Esse “tratado” de Clarice Lispector sobre a visão não se limita a
comentar as vicissitudes do olho e do pensamento diante da coisa,
mas cifra na própria escolha do objeto uma espécie de circularidade
enigmática do olhar. Porque o ovo é uma espécie de objeto
arquétipo, matriz e produto final, côncavo e convexo, a um só tempo
um modelo de introversão (puro conteúdo oculto) e de extroversão
(aparência sem sombra). Segundo as teogonias órficas, Chronos, o
Tempo, “monstro polimorfo, gera o ovo cósmico que, ao se abrir em
dois, dá origem ao céu e à terra e faz aparecer Phanes, o primeiro-
nascido dos deuses, divindade hermafrodita na qual se anula a
[11]
oposição do macho e do fêmeo”. Assim também, num contexto nu
de mitologia, o ovo é símbolo privilegiado da intersecção
indissolúvel entre objeto e sujeito, capaz de suspender a oposição
entre a aparição de dentro e a de fora, entre o espelho e o
espelhado, o conteúdo e o continente, caráter passivo e ativo do
olhar.
Mesmo assim, prototípico, alegórico, marca sublinhada e apagada de
um real que hesita entre a consciência e o inconsciente, o eu e o
Outro, o ovo não deixa de ser, no conto de Clarice Lispector, o ovo
doméstico, cotidiano. O fato de que a visão vertical, metafísica, não
se separe em momento nenhum do concreto, e que a dimensão a que
ela remete seja sempre a da experiência, mais do que a da “teoria” ou
da “fantasmagoria”, aproxima o texto de Glance daquilo que Walter
Benjamin chamou de revelação ou iluminação profana. Falando do
Surrealismo, e identificando nele um tipo de olhar que sonda o
impenetrável no cotidiano, e o cotidiano no impenetrável, Benjamin
localizou pedra-de-toque do visionarismo moderno. Postulou além
do mais a ideia de que a transformação revolucionária da realidade
estaria a depender de uma profunda interpenetração do espaço físico
e imagístico (isto é, do desencadeamento das tensões acumuladas
entre a organização material da sociedade e a ordem do imaginário
coletivo, de cuja reverberação poderiam saltar descargas
revolucionárias). Tal interpenetração potencialmente explosiva entre
a natureza transformada pela técnica e o imaginário social seria
dada a conhecer, ou a entrever antecipatoriamente, pelo viés da
[12]
iluminação profana.
Em suma, o profetismo benjaminiano apontou para o profundo
enraizamento da dimensão política no imaginário, margem de um
tempo que salta dos trilhos da história, sem abismar-se no eterno
retorno do arquétipo. Aliás, impedir que isso aconteça é o grande
desafio do seu visionarismo profano e revolucionário. A realidade se
transforma na medida em que se põe em contato com uma outra
experiência do tempo, que tem seu modelo na experiência solitária da
iluminação profana, mas que poderia transformar-se
revolucionariamente numa experiência histórica coletiva. Embora os
tempos não ofereçam uma visão animadora dessa conversão das
energias do êxtase em transformação social, ou então por isso
mesmo, o pensamento complexo de Walter Benjamin, como
pensamento dos cruzamentos, permanece como uma referência
incontornável, de uma atualidade cristalina e esfingética. (“— O ovo
vive foragido por estar sempre adiantado demais para a sua época.

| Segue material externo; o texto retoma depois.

theorem mainTheorem12:
  fixes \<beta> :: "nat \<Rightarrow> real" and a :: real
  assumes pos: "\<And>n. \<beta> n > 0"
    and ess: "ess_decreasing \<beta>"
    and lim: "liminf (\<lambda>n. ereal (root n (\<beta> n))) \<ge> 1"
    and a: "0 < a" "a < 1"
    and bdd: "bounded_comp_op \<beta> (complex_of_real a)"
  shows "Delta2 \<beta>"
proof -
  obtain C where C: "C \<ge> 1" "\<And>m n. n \<le> m \<Longrightarrow> \<beta> m \<le> C * \<beta> n"
    using ess unfolding ess_decreasing_def by blast
  obtain Q where Q: "Q \<ge> 1"
    and step: "\<And>t. 0 \<le> t \<Longrightarrow> t < 1 \<Longrightarrow> H2_kernel \<beta> ((a + t) / (1 + a * t)) \<le> Q * H2_kernel \<beta> t"
    using H2_kernel_comp_le[OF pos lim a bdd] by blast
  obtain j where j: "(1 - a) ^ j \<le> 1/2" "(1 - a) ^ j * ln (2 * Q ^ j) \<le> 1/16"
    using ex_power_small_times_log[of "1 - a" Q] a Q by auto
  have iter: "H2_kernel \<beta> (1 - (1 - a) ^ j * (1 - t)) \<le> Q ^ j * H2_kernel \<beta> t"
    if "0 \<le> t" "t < 1" for t
    using real_disk_automorphism_bounds[OF a] step H2_kernel_mono[OF pos lim] a Q that
    by (intro iterate_toward_one[where f = "\<lambda>s. (a + s) / (1 + a * s)"]) auto
  have "\<beta> n \<le> 2 * Q ^ j * C\<^sup>2 * \<beta> (2*n)" if "ln (2 * Q ^ j) \<le> real n" for n
    using that C a j Q iter
    by (intro weight_le_double_index[OF pos lim, where \<rho> = "(1 - a) ^ j"])
       (auto simp: one_le_power)
  then show ?thesis
    using Q C by (intro Delta2_if_eventually_le_double[OF pos, of _ "nat \<lceil>ln (2 * Q ^ j)\<rceil>"]) auto
qed

end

— Ovo por enquanto será sempre revolucionário.”)
A propósito da dimensão profética e poética, “materialista” e
“antropológica”,, da iluminação profana, Benjamin faz alguns
comentários no mínimo intrigantes sobre a droga. (Ele tinha o
projeto de escrever um livro sobre o haxixe, do qual nos chegaram
[13]
anotações e relatos de experiências pessoais.) Temos de novo aí,
agora em chave eminentemente filosófica, a convergência de poesia,
profecia e droga. Como Baudelaire, ou como Henri Michaux, para
quem o alucinógeno é fortemente associado a uma aventura
especulativa, mais do que ao prazer que também traz, Benjamin se
aproxima e se distancia da droga, vendo nela uma espécie de
auxiliar técnico. Em especial, faz questão de não confundi-la com a
própria revelação profana, para a qual ela pode se constituir num
“estágio preparatório”.. Ao lado disso, reconhece muito
Curiosamente o caráter de droga em coisas que se pensa estarem
entre os seus antípodas: a reflexão “que é um narcótico eminente”,
“sem falar daquela [droga] mais terrível […] — que ingerimos na
[14]
solidão, nós próprios [o grifo é meu] . A estratégia de não-
endeusamento do ópio ou do haxixe; que acompanha a defesa do
caráter profano da experiência visionária, resulta numa definição
“ampla” e irônica de drogas como todo agente, interno ou externo,
de transformações psicofísicas, nas quais se incluem tanto o
pensamento filosófico, o próprio ego e aflanêne, quanto os
narcóticos, os estimulantes e os alucinógenos. (“O leitor, o pensador,
o indivíduo que espera ou passeia são tipos tão elucidados quanto o
[15]
comedor de ópio, o sonhador ou o extático. E são mais profanes”) .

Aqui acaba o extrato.